» **Task statement**:
The answer must be every line of the records below that contains the word "together", copied out.
[Given information Boundary: Start]
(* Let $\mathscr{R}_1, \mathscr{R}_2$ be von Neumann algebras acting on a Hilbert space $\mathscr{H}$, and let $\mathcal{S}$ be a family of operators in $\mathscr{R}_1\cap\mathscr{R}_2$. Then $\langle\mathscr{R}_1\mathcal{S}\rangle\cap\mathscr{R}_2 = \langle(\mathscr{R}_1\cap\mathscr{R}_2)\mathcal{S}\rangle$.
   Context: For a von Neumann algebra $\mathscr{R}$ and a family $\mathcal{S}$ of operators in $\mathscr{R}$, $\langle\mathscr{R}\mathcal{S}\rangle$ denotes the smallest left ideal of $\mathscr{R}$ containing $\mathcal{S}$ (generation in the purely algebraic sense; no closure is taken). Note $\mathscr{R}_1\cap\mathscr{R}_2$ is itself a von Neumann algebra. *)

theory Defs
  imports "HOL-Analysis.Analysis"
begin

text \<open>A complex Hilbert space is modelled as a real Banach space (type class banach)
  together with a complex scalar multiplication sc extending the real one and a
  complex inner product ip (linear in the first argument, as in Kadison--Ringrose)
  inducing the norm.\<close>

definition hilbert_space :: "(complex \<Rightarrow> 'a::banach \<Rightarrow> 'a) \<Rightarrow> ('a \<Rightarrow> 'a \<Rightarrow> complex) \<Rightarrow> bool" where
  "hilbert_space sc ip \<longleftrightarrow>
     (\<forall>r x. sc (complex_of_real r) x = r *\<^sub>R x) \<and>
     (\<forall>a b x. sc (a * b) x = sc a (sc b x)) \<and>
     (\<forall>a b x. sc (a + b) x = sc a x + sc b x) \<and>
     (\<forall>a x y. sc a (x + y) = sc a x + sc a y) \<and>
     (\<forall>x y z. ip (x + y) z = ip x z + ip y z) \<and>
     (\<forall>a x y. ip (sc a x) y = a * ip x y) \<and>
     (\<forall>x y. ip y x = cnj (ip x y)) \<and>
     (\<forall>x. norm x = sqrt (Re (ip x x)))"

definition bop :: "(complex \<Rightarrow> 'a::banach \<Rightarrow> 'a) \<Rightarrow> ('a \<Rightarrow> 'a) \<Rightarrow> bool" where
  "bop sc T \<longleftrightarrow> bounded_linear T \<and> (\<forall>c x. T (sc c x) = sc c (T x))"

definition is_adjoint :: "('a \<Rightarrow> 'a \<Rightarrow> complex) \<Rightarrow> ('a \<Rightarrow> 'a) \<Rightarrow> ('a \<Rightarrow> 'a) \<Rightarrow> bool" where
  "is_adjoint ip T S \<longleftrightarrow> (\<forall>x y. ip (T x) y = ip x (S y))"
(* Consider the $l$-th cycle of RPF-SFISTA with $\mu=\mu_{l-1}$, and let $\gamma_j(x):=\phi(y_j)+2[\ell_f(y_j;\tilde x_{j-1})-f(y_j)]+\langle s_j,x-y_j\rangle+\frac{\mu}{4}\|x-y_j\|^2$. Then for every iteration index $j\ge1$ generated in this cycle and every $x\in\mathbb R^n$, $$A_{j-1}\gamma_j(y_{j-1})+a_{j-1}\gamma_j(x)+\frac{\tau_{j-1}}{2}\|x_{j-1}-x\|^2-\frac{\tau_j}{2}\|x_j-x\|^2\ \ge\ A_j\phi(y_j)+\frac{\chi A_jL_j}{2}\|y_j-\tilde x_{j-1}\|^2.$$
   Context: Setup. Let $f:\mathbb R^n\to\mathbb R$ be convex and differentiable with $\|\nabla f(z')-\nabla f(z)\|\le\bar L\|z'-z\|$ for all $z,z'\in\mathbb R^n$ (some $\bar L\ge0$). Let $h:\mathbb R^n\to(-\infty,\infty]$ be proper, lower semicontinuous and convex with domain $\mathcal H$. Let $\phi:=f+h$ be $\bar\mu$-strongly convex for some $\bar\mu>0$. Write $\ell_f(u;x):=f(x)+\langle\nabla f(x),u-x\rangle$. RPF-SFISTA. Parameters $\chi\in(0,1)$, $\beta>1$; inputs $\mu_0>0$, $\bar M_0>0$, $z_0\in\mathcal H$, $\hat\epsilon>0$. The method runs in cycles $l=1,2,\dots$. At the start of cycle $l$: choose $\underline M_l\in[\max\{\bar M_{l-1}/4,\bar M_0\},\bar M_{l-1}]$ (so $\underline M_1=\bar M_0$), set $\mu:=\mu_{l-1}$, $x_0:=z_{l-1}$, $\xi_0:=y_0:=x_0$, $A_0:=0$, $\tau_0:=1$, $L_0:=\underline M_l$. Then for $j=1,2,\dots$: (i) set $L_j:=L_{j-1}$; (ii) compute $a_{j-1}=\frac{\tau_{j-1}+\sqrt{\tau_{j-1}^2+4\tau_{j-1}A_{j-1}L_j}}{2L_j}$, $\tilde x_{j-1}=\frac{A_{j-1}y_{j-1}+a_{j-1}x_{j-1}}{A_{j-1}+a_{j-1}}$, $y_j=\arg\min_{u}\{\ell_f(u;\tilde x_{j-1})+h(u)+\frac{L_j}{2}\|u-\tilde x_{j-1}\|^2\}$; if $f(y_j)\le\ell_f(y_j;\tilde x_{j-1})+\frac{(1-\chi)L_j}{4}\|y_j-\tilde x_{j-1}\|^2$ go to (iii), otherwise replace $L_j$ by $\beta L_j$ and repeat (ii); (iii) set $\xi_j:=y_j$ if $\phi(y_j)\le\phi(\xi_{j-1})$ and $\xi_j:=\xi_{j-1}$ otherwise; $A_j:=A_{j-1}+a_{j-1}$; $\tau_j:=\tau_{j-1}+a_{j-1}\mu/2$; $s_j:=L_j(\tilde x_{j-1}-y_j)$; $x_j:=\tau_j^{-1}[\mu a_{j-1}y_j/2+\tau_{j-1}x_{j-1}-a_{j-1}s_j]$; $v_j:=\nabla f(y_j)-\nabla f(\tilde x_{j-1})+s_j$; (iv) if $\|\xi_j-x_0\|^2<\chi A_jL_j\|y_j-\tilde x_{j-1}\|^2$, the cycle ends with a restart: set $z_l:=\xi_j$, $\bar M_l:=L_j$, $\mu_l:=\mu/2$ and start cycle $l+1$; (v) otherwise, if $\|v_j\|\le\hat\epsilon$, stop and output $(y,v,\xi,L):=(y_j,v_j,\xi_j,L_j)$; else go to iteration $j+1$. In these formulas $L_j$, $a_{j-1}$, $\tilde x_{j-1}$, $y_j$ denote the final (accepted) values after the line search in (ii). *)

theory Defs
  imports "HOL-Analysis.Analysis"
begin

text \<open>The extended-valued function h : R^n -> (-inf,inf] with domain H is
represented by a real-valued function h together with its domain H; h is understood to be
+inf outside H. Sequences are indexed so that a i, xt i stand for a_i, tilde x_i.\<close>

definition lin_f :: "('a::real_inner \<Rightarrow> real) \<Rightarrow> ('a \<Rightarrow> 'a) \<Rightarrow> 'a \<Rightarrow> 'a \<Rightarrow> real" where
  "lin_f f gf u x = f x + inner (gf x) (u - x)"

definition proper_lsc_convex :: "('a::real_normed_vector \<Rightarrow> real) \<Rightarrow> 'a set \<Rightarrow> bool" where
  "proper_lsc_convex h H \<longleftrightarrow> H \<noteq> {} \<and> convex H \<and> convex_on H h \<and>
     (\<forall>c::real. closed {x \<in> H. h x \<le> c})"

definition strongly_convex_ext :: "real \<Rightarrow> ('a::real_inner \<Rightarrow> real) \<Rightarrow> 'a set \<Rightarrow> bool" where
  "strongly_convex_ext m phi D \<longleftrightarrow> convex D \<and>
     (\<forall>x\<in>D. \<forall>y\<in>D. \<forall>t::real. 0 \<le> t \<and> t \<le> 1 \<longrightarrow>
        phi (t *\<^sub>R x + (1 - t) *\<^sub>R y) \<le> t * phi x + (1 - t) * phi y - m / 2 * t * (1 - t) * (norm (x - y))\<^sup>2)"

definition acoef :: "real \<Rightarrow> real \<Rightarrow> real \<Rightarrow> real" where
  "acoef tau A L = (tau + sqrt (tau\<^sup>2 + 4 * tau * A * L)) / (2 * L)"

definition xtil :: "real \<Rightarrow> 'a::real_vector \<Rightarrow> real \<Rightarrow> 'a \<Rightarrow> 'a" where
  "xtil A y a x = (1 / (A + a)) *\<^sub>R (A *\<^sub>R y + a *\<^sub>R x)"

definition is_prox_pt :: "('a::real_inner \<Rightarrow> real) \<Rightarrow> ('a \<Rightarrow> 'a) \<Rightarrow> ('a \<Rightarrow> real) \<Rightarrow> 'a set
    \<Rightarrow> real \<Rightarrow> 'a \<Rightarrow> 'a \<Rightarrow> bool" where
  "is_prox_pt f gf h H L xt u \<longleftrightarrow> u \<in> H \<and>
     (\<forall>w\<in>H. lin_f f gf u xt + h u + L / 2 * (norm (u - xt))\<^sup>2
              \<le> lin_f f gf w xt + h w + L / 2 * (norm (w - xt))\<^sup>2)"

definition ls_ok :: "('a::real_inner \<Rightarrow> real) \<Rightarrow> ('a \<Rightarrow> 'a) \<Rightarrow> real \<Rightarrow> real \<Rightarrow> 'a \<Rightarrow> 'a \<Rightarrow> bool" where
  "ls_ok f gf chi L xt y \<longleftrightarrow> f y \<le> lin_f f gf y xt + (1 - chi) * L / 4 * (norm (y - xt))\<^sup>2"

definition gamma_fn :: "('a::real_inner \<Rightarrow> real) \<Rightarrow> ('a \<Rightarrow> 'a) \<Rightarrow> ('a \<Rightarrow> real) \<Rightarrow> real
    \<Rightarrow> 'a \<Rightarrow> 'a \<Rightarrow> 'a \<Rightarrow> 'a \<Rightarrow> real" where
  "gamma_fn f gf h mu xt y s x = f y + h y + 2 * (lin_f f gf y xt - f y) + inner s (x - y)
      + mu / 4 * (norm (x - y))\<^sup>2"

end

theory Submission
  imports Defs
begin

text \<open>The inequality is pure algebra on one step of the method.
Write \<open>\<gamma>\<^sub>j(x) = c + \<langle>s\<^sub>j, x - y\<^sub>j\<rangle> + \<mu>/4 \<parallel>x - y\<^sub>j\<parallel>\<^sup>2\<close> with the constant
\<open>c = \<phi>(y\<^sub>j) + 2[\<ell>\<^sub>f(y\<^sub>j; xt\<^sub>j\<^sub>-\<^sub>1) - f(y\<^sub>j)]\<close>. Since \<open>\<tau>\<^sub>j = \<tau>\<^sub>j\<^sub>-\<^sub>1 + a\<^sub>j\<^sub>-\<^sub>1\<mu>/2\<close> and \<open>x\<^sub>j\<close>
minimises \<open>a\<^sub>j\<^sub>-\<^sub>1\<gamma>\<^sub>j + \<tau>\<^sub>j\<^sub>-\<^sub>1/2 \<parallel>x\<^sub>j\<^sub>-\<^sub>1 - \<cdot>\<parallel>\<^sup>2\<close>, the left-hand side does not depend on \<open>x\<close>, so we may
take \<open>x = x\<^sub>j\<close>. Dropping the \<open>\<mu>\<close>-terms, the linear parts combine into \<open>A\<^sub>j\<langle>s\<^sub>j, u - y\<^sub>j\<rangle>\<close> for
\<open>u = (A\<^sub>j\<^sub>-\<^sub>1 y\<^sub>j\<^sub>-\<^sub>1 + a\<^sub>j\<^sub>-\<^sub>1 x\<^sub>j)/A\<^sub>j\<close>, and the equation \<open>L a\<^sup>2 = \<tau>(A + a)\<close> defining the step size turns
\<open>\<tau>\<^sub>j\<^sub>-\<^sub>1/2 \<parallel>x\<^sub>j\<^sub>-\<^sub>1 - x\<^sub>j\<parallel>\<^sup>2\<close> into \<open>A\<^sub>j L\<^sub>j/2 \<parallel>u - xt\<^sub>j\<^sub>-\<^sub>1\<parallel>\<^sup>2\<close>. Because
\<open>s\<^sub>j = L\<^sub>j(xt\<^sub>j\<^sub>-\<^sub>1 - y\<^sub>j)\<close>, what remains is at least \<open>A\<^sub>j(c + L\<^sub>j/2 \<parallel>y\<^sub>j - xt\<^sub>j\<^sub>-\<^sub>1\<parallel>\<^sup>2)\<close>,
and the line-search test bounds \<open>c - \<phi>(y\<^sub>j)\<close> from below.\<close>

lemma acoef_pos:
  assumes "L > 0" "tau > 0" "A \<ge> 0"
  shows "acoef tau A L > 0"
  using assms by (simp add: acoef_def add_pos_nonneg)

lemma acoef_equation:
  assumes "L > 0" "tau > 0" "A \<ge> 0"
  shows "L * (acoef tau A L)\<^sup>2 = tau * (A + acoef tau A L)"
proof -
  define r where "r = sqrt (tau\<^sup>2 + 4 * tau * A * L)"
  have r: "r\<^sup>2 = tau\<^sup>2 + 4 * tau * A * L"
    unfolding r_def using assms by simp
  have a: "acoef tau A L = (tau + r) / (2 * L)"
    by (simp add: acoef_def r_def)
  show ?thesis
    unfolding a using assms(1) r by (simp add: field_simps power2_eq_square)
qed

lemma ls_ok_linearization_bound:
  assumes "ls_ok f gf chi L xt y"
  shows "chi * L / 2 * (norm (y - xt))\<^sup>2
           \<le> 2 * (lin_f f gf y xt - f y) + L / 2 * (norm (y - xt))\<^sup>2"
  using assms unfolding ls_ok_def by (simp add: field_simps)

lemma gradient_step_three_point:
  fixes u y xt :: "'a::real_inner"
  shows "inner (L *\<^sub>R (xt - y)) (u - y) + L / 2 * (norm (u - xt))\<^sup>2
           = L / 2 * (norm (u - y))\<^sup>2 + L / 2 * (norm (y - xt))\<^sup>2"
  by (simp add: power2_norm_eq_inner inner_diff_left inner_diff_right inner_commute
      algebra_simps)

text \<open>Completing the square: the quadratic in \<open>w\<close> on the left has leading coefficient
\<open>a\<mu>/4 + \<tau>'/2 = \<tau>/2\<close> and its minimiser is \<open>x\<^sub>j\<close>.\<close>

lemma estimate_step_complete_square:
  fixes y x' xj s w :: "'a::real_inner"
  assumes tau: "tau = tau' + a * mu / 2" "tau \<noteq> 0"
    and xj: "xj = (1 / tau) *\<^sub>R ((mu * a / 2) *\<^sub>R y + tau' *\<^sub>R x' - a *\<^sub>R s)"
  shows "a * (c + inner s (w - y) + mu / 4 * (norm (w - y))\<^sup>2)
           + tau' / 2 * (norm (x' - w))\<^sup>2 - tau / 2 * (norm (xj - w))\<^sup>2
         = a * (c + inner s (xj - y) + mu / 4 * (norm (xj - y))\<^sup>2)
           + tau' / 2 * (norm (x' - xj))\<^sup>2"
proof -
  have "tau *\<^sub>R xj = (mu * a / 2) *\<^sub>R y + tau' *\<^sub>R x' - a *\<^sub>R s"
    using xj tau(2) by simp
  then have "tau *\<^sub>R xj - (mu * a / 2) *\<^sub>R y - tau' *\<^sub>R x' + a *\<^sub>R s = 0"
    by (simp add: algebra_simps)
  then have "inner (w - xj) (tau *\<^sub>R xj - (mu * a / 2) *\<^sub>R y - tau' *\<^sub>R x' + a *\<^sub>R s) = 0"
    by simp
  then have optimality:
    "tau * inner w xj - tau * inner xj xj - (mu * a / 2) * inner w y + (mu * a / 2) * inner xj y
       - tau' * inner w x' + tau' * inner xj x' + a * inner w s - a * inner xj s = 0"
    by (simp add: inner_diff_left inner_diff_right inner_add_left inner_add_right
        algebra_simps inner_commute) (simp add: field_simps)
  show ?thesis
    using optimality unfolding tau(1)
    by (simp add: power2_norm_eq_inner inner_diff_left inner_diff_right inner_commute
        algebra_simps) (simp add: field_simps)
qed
[Given information Boundary: End]
» **Answer to this task**:
  together with a complex scalar multiplication sc extending the real one and a
represented by a real-valued function h together with its domain H; h is understood to be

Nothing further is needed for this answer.